For manual testing by testers, the actions to be performed and confirmed include: opening the dial pad, entering #06#, and checking the IMEI conditions. The task planning layer needs to parse these steps into specific operations and generate a corresponding task list. Through natural language processing technology, the system can extract key information for each step, such as the operation object (dial pad), operation action (opening, entering), and operation content (#06#). After parsing the natural language instructions, the task planning layer decomposes the testing task into multiple subtasks and generates a dynamic workflow. Each subtask corresponds to a specific operation step, such as opening the dial pad and entering a specific code. The task planning layer also needs to generate detailed test case descriptions and output requirements to enable the LLM to clearly understand the testing process and results.

  • Interface Perception Layer: This layer is a key part of the hierarchical decision-making framework and is responsible for the identification of screen elements and the extraction of structured information. It is divided into three subclasses: the element extraction class, the XPath generation class, and the result feedback class. The element extraction class, through encapsulated methods, allows the LLM to call the tool to obtain the interface layout hierarchy of the currently connected device, thereby acquiring the hierarchy of the current device interface information and the attribute information of all elements. Then, key information extraction is performed to generate an element array containing key information. The XPath generation class enables the LLM to understand the element array with key information again, accurately judge the actual state of interface elements, and thus help the system perceive the current state of the device and the information displayed on the interface. The result feedback class is responsible for feeding back the results after the operation to the upper layer. After each operation function is executed, it returns a string containing the operation result and the current interface hierarchy information, allowing testers to understand the execution status of the operation through these results. At the same time, the system records the operation results in a log file for subsequent analysis and debugging.

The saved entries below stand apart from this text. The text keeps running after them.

lemma visible_angles_Un_far_apart:
  assumes "far_apart A B" "z \<in> A"
  shows "visible_angles (A \<union> B) h z = visible_angles A h z"
  using assms circle_point_notin_far_cball unfolding visible_angles_def far_apart_def by blast

lemma vis_Un_far_apart:
  assumes "finite A" "finite B" "far_apart A B"
  shows "vis (A \<union> B) h = vis A h + vis B h"
proof -
  have "vis (A \<union> B) h = (\<Sum>z\<in>A. measure lborel (visible_angles (A \<union> B) h z))
                        + (\<Sum>z\<in>B. measure lborel (visible_angles (B \<union> A) h z))"
    unfolding vis_def using assms far_apart_disjoint by (simp add: sum.union_disjoint Un_commute)
  also have "\<dots> = vis A h + vis B h"
    unfolding vis_def using assms(3) far_apart_commute
    by (simp add: visible_angles_Un_far_apart cong: sum.cong)
  finally show ?thesis .
qed

lemma stacking_order_exists: "finite C \<Longrightarrow> \<exists>f. stacking_order C f"
  unfolding stacking_order_def by (rule finite_same_card_bij) auto

lemma stacking_order_inj: "stacking_order C f \<Longrightarrow> inj_on f C"
  unfolding stacking_order_def bij_betw_def by blast

lemma stacking_order_range: "stacking_order C f \<Longrightarrow> z \<in> C \<Longrightarrow> f z \<in> {1..card C}"
  unfolding stacking_order_def bij_betw_def by blast

lemma finite_vis_stacking_orders:
  assumes "finite C" shows "finite {vis C f | f. stacking_order C f}"
proof -
  have "{vis C f | f. stacking_order C f} \<subseteq> vis C ` (PiE C (\<lambda>_. {1..card C}))"
  proof
    fix x assume "x \<in> {vis C f | f. stacking_order C f}"
    then obtain f where f: "stacking_order C f" "x = vis C f" by auto
    have "restrict f C \<in> PiE C (\<lambda>_. {1..card C})" using f(1) stacking_order_range by auto
    moreover have "vis C f = vis C (restrict f C)" by (rule vis_cong) auto
    ultimately show "x \<in> vis C ` (PiE C (\<lambda>_. {1..card C}))" using f by auto
  qed
  moreover have "finite (PiE C (\<lambda>_. {1..card C}))" using assms by (intro finite_PiE) auto
  ultimately show ?thesis by (meson finite_imageI finite_subset)
qed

  • Action Execution Layer: As the final layer of the hierarchical decision-making framework, the action execution layer is responsible for converting the specific operation steps generated by the task planning layer into actual automated operations. This layer directly interacts with the smartphone device and realizes precise control and operation of smartphone interface elements by encapsulating various automated operation tools. Table 1 lists several typical action capabilities currently encapsulated by the system.

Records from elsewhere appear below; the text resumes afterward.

lemma real_diag_mat_mult: "real_diag_mat n f * real_diag_mat n g = real_diag_mat n (\<lambda>i. f i * g i)"
proof (rule eq_matI)
  fix i j assume "i < dim_row (real_diag_mat n (\<lambda>i. f i * g i))" "j < dim_col (real_diag_mat n (\<lambda>i. f i * g i))"
  then have i: "i < n" and j: "j < n" by auto
  have "(real_diag_mat n f * real_diag_mat n g) $$ (i,j) =
      (\<Sum>k\<in>{0..<n}. (if i = k then complex_of_real (f i) else 0) * real_diag_mat n g $$ (k,j))"
    using i j by (simp add: real_diag_mat_def scalar_prod_def)
  also have "\<dots> = complex_of_real (f i) * real_diag_mat n g $$ (i,j)" by (rule sum_delta_mult[OF i])
  finally show "(real_diag_mat n f * real_diag_mat n g) $$ (i,j) = real_diag_mat n (\<lambda>i. f i * g i) $$ (i,j)"
    using i j by (simp add: real_diag_mat_def)
qed auto

lemma ctrace_mult_real_diag_mat:
  assumes "M \<in> carrier_mat n n"
  shows "ctrace (M * real_diag_mat n f) = (\<Sum>k<n. M $$ (k,k) * complex_of_real (f k))"
  unfolding ctrace_def
proof (rule sum.cong)
  fix k assume "k \<in> {..<n}"
  then have k: "k < n" by simp
  have "(M * real_diag_mat n f) $$ (k,k) =
      (\<Sum>l\<in>{0..<n}. (if k = l then complex_of_real (f k) else 0) * M $$ (k,l))"
    using assms k by (auto simp: scalar_prod_def real_diag_mat_def mult.commute intro!: sum.cong)
  then show "(M * real_diag_mat n f) $$ (k,k) = M $$ (k,k) * complex_of_real (f k)"
    using sum_delta_mult[OF k] by (simp add: mult.commute)
qed (use assms in simp)

lemma cinner_real_diag_mat:
  assumes "y \<in> carrier_vec n"
  shows "cinner y (real_diag_mat n f *\<^sub>v y) = complex_of_real (\<Sum>i<n. f i * (cmod (y $ i))\<^sup>2)"
proof -
  have "cinner y (real_diag_mat n f *\<^sub>v y) = (\<Sum>i<n. complex_of_real (f i * (cmod (y $ i))\<^sup>2))"
    unfolding cinner_def
  proof (rule sum.cong)
    fix i assume "i \<in> {..<n}"
    then have "(real_diag_mat n f *\<^sub>v y) $ i = complex_of_real (f i) * y $ i"
      using real_diag_mat_mult_vec[OF assms] by simp
    moreover have "cnj (y $ i) * y $ i = complex_of_real ((cmod (y $ i))\<^sup>2)"
      by (metis complex_norm_square mult.commute)
    ultimately show "cnj (y $ i) * (real_diag_mat n f *\<^sub>v y) $ i = complex_of_real (f i * (cmod (y $ i))\<^sup>2)"
      by (simp add: mult.left_commute)
  qed simp
  then show ?thesis by simp
qed

lemma real_diag_mat_Suc:
  "real_diag_mat (Suc m) f = four_block_mat (mat 1 1 (\<lambda>_. complex_of_real (f 0))) (0\<^sub>m 1 m) (0\<^sub>m m 1)
     (real_diag_mat m (\<lambda>i. f (Suc i)))" (is "_ = ?B")
proof (rule eq_matI)
  fix i j assume "i < dim_row ?B" "j < dim_col ?B"
  then show "real_diag_mat (Suc m) f $$ (i,j) = ?B $$ (i,j)"
    by (cases i; cases j) (auto simp: real_diag_mat_def)
qed (auto simp: real_diag_mat_def)

section \<open>Unitary matrices and the spectral theorem\<close>

definition unitary :: "nat \<Rightarrow> complex mat \<Rightarrow> bool" where
  "unitary n U \<longleftrightarrow> U \<in> carrier_mat n n \<and> cadjoint U * U = 1\<^sub>m n \<and> U * cadjoint U = 1\<^sub>m n"

lemma unitaryD:
  assumes "unitary n U"
  shows "U \<in> carrier_mat n n" "cadjoint U \<in> carrier_mat n n"
    "cadjoint U * U = 1\<^sub>m n" "U * cadjoint U = 1\<^sub>m n"
  using assms cadjoint_carrier[of U n n] by (auto simp: unitary_def)

lemma unitary_cinner_col:
  assumes "unitary n U" "i < n" "j < n"
  shows "cinner (col U i) (col U j) = (if i = j then 1 else 0)"
  using cadjoint_mult_index[of U n n U n i j] unitaryD[OF assms(1)] assms(2,3) by simp

lemma unitary_mult:
  assumes "unitary n U" "unitary n V"
  shows "unitary n (U * V)"
proof -
  note U = unitaryD[OF assms(1)] and V = unitaryD[OF assms(2)]
  have adj: "cadjoint (U * V) = cadjoint V * cadjoint U" using cadjoint_mult[OF U(1) V(1)] .
  have "cadjoint (U * V) * (U * V) = cadjoint V * (cadjoint U * U) * V"
    unfolding adj using U(1,2) V(1,2) by (simp add: assoc_mult_mat[of _ n n _ n _ n])
  also have "\<dots> = 1\<^sub>m n" by (simp only: U(3) right_mult_one_mat[OF V(2)] V(3))
  finally have UV: "cadjoint (U * V) * (U * V) = 1\<^sub>m n" .
  have "U * V * cadjoint (U * V) = U * (V * cadjoint V) * cadjoint U"
    unfolding adj using U(1,2) V(1,2) by (simp add: assoc_mult_mat[of _ n n _ n _ n])
  also have "\<dots> = 1\<^sub>m n" by (simp only: V(4) right_mult_one_mat[OF U(1)] U(4))
  finally show ?thesis using UV U V by (simp add: unitary_def)
qed

definition normalize_cvec :: "complex vec \<Rightarrow> complex vec" where
  "normalize_cvec w = complex_of_real (1 / sqrt (Re (cinner w w))) \<cdot>\<^sub>v w"

lemma normalize_cvec_carrier: "w \<in> carrier_vec n \<Longrightarrow> normalize_cvec w \<in> carrier_vec n"
  by (simp add: normalize_cvec_def)

lemma cinner_normalize_cvec:
  "dim_vec w = dim_vec w' \<Longrightarrow> cinner (normalize_cvec w) (normalize_cvec w') =
     complex_of_real (1 / sqrt (Re (cinner w w)) * (1 / sqrt (Re (cinner w' w')))) * cinner w w'"
  by (simp add: normalize_cvec_def cinner_smult_left cinner_smult_right)

lemma cinner_normalize_cvec_self:
  assumes "w \<noteq> 0\<^sub>v (dim_vec w)"
  shows "cinner (normalize_cvec w) (normalize_cvec w) = 1"
proof -
  define r where "r = Re (cinner w w)"
  have w: "cinner w w = complex_of_real r" using cinner_self_eq_Re[of w] by (simp add: r_def)
  have "r \<noteq> 0" using assms w cinner_self_eq_0_iff[of w] by auto
  then have "r > 0" using cinner_self_real(2)[of w] by (simp add: r_def)
  then have "1 / sqrt r * (1 / sqrt r) * r = 1" by (simp add: field_simps)
  then show ?thesis using cinner_normalize_cvec[of w w] by (simp add: w r_def[symmetric])
qed

lemma normalize_cvec_unit: "cinner w w = 1 \<Longrightarrow> normalize_cvec w = w"
  by (simp add: normalize_cvec_def)

lemma unit_eigenvector_exists:
  assumes A: "A \<in> carrier_mat n n" and n: "n > 0"
  shows "\<exists>e u. u \<in> carrier_vec n \<and> cinner u u = 1 \<and> A *\<^sub>v u = e \<cdot>\<^sub>v u"
proof -
  from spectrum_non_empty[OF A n] obtain e where "eigenvalue A e" by (auto simp: spectrum_def)
  then have "eigenvector A (find_eigenvector A e) e" by (rule find_eigenvector[OF A])
  then obtain v where v: "v \<in> carrier_vec n" "v \<noteq> 0\<^sub>v n" "A *\<^sub>v v = e \<cdot>\<^sub>v v"
    using A unfolding eigenvector_def by auto
  define u where "u = normalize_cvec v"
  have "u \<in> carrier_vec n" using v(1) by (simp add: u_def normalize_cvec_carrier)
  moreover have "cinner u u = 1"
    unfolding u_def using v(1,2) by (intro cinner_normalize_cvec_self) auto
  moreover have "A *\<^sub>v u = e \<cdot>\<^sub>v u"
    unfolding u_def normalize_cvec_def
    using mult_mat_vec[OF A v(1)] v(3) by (simp add: smult_smult_assoc mult.commute)
  ultimately show ?thesis by blast
qed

Table 1: System Action Capabilities

Action Capability Capability Description
List ADB Devices Obtain the list of currently ADB-connected devices and confirm which devices are ADB-connected and available for testing.
Connect ADB Device Establish an ADB connection with a specified device, which can specify the device serial number and initialize the context for subsequent testing tasks.
Click Operation Simulate the user's clicking behavior on the interface; input parameters can be coordinates, XPath, etc.
Swipe Operation Simulate the user's swiping behavior on the interface, such as swiping up or down on the page.
Enter USSD Code Enter a USSD code in the dial pad and verify the application response, e.g., *#06#.

2.3.3 Method for Extracting Key Interface Information

In this system, due to the input limitations of LLMs, directly transmitting the entire UI hierarchy information back to the LLM may cause the input to exceed the limit, thereby affecting the correctness and efficiency of the model's processing. To solve this problem, the system adopts a method of extracting key information. It uses key attributes such as text, content-desc, and resource-id to form an XPath array in advance, which is then sent to the LLM for processing. This method not only improves the interaction efficiency of the LLM but also reduces token consumption. Specifically, the following types of element information can be extracted: the text content of text interface elements; the content description of content-desc interface elements; and the resource ID of resource-id interface elements, which is used to uniquely identify elements. This information can be obtained by traversing each element in the interface hierarchy data, checking its attribute values, removing redundant attributes, and reorganizing them into a new context. This new context is further used to generate XPath expressions for locating interface elements.

As shown in Figure 3, the experimental results indicate that with the key information extraction method, token consumption is reduced by 93.88% while achieving the same XPath generation effect. This method reduces the amount of data that the LLM needs to process and avoids problems caused by input limitations.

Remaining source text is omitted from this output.